▸ **EXERCISE**
Find the string "also" in the records. Copy every line it appears in.

· · · · ·

lemma avg_powr_diff_le_chain:
  fixes M :: "'a measure" and G :: "'i \<Rightarrow> 'a set" and s :: real
  assumes s: "1 \<le> s" and I: "finite I"
    and G[measurable]: "\<And>i. i \<in> I \<Longrightarrow> G i \<in> sets M"
    and fin: "\<And>i. i \<in> I \<Longrightarrow> emeasure M (G i) < \<infinity>"
    and overlap: "\<And>i j. (i, j) \<in> overlap_rel I G \<Longrightarrow> 0 < emeasure M (G i \<inter> G j)"
  obtains K where "0 \<le> K"
    "\<And>u S i j. u \<in> borel_measurable M \<Longrightarrow> 0 \<le> S \<Longrightarrow>
       (\<And>i. i \<in> I \<Longrightarrow> (\<integral>\<^sup>+x\<in>G i. ennreal (\<bar>u x - mu_avg M u (G i)\<bar> powr s) \<partial>M) \<le> ennreal S) \<Longrightarrow>
       (i, j) \<in> (overlap_rel I G)\<^sup>* \<Longrightarrow> \<bar>mu_avg M u (G i) - mu_avg M u (G j)\<bar> powr s \<le> K * S"
proof -
  let ?R = "overlap_rel I G"
  have "finite ?R"
    using I by (auto intro: finite_subset[of _ "I \<times> I"] simp: overlap_rel_def)
  \<comment> \<open>c bounds the jump of the averages across any overlap (up to the factor S^(1/s)),
     and a chain of overlaps needs at most card R steps.\<close>
  define c where "c = (\<Sum>(i, j)\<in>?R. (2 powr s / measure M (G i \<inter> G j)) powr (1 / s))"
  define N where "N = card ?R"
  have "0 \<le> c"
    unfolding c_def by (auto intro: sum_nonneg)
  moreover have "\<bar>mu_avg M u (G i) - mu_avg M u (G j)\<bar> powr s \<le> (N * c) powr s * S"
    if u: "u \<in> borel_measurable M" and S: "0 \<le> S" and ij: "(i, j) \<in> ?R\<^sup>*"
      and X: "\<And>i. i \<in> I \<Longrightarrow> (\<integral>\<^sup>+x\<in>G i. ennreal (\<bar>u x - mu_avg M u (G i)\<bar> powr s) \<partial>M) \<le> ennreal S"
    for u S i j
  proof -
    define A where "A i = mu_avg M u (G i)" for i
    have step: "dist (A i) (A j) \<le> c * S powr (1 / s)" if ij: "(i, j) \<in> ?R" for i j
    proof -
      have "i \<in> I" "j \<in> I"
        using ij by (auto simp: overlap_rel_def)
      then have "emeasure M (G i \<inter> G j) < \<infinity>"
        using fin emeasure_mono[of "G i \<inter> G j" "G i" M] by (auto intro: le_less_trans)
      then have "\<bar>A i - A j\<bar> \<le> (2 powr s / measure M (G i \<inter> G j)) powr (1 / s) * S powr (1 / s)"
        unfolding A_def using \<open>i \<in> I\<close> \<open>j \<in> I\<close>
        by (intro abs_avg_diff_le_overlap[OF s u G G overlap[OF ij] _ S X X])
      also have "\<dots> \<le> c * S powr (1 / s)"
        unfolding c_def using \<open>finite ?R\<close>
        by (intro mult_right_mono member_le_sum[OF ij, of "\<lambda>(i, j). (2 powr s / measure M (G i \<inter> G j)) powr (1 / s)",
              simplified]) auto
      finally show ?thesis
        by (simp add: dist_real_def)
    qed
    obtain n where "n \<le> N" "(i, j) \<in> ?R ^^ n"
      using ij \<open>finite ?R\<close> by (auto simp: rtrancl_finite_eq_relpow N_def)
    then have "dist (A i) (A j) \<le> n * (c * S powr (1 / s))"
      by (intro relpow_dist_le step)
    also have "\<dots> \<le> N * (c * S powr (1 / s))"
      using \<open>n \<le> N\<close> \<open>0 \<le> c\<close> by (intro mult_right_mono) auto
    finally have "\<bar>A i - A j\<bar> powr s \<le> (N * c * S powr (1 / s)) powr s"
      using s by (intro powr_mono2) (auto simp: dist_real_def mult.assoc)
    also have "\<dots> = (N * c) powr s * S"
      using s S by (simp add: powr_mult powr_powr)
    finally show ?thesis
      by (simp add: A_def)
  qed
  ultimately show ?thesis
    using that[of "(N * c) powr s"] by auto
qed

lemma nn_set_integral_UN_powr_le:
  fixes u :: "'a \<Rightarrow> real"
  assumes s: "1 \<le> s" and I: "finite I"
    and G[measurable]: "\<And>i. i \<in> I \<Longrightarrow> G i \<in> sets M"
    and fin: "\<And>i. i \<in> I \<Longrightarrow> emeasure M (G i) < \<infinity>"
    and u[measurable]: "u \<in> borel_measurable M" and K: "0 \<le> K" and S: "0 \<le> S"
    and X: "\<And>i. i \<in> I \<Longrightarrow> (\<integral>\<^sup>+x\<in>G i. ennreal (\<bar>u x - mu_avg M u (G i)\<bar> powr s) \<partial>M) \<le> ennreal S"
    and avg: "\<And>i. i \<in> I \<Longrightarrow> \<bar>mu_avg M u (G i) - c\<bar> powr s \<le> K * S"
  shows "(\<integral>\<^sup>+x\<in>(\<Union>i\<in>I. G i). ennreal (\<bar>u x - c\<bar> powr s) \<partial>M)
           \<le> ennreal ((\<Sum>i\<in>I. 2 powr (s - 1) * (1 + K * measure M (G i))) * S)"
proof -
  have piece: "(\<integral>\<^sup>+x\<in>G i. ennreal (\<bar>u x - c\<bar> powr s) \<partial>M)
      \<le> ennreal (2 powr (s - 1) * (1 + K * measure M (G i)) * S)" if i: "i \<in> I" for i
  proof -
    have "(\<integral>\<^sup>+x\<in>G i. ennreal (\<bar>u x - c\<bar> powr s) \<partial>M)
        \<le> ennreal (2 powr (s - 1)) * ((\<integral>\<^sup>+x\<in>G i. ennreal (\<bar>u x - mu_avg M u (G i)\<bar> powr s) \<partial>M)
            + ennreal (\<bar>mu_avg M u (G i) - c\<bar> powr s) * emeasure M (G i))"
      using i by (intro nn_set_integral_powr_shift_le[OF s u]) auto
    also have "\<dots> \<le> ennreal (2 powr (s - 1)) * (ennreal S + ennreal (K * S) * ennreal (measure M (G i)))"
      using X[OF i] avg[OF i] fin[OF i]
      by (intro mult_left_mono add_mono) (auto simp: emeasure_eq_ennreal_measure intro!: mult_right_mono ennreal_leI)
    also have "\<dots> = ennreal (2 powr (s - 1) * (1 + K * measure M (G i)) * S)"
      using K S by (simp add: ennreal_mult[symmetric] ennreal_plus[symmetric] algebra_simps del: ennreal_plus)
    finally show ?thesis .
  qed
  have "(\<integral>\<^sup>+x\<in>(\<Union>i\<in>I. G i). ennreal (\<bar>u x - c\<bar> powr s) \<partial>M)
      \<le> (\<Sum>i\<in>I. \<integral>\<^sup>+x\<in>G i. ennreal (\<bar>u x - c\<bar> powr s) \<partial>M)"
    using I by (intro nn_set_integral_UN_le) auto
  also have "\<dots> \<le> (\<Sum>i\<in>I. ennreal (2 powr (s - 1) * (1 + K * measure M (G i)) * S))"
    by (intro sum_mono piece)
  also have "\<dots> = ennreal ((\<Sum>i\<in>I. 2 powr (s - 1) * (1 + K * measure M (G i))) * S)"
    using K S by (simp add: sum_ennreal sum_distrib_right)
  finally show ?thesis .
qed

· · · · ·

▸ **ANSWER BELOW**
      also have "\<dots> \<le> c * S powr (1 / s)"
    also have "\<dots> \<le> N * (c * S powr (1 / s))"
    also have "\<dots> = (N * c) powr s * S"
    also have "\<dots> \<le> ennreal (2 powr (s - 1)) * (ennreal S + ennreal (K * S) * ennreal (measure M (G i)))"
    also have "\<dots> = ennreal (2 powr (s - 1) * (1 + K * measure M (G i)) * S)"
  also have "\<dots> \<le> (\<Sum>i\<in>I. ennreal (2 powr (s - 1) * (1 + K * measure M (G i)) * S))"
  also have "\<dots> = ennreal ((\<Sum>i\<in>I. 2 powr (s - 1) * (1 + K * measure M (G i))) * S)"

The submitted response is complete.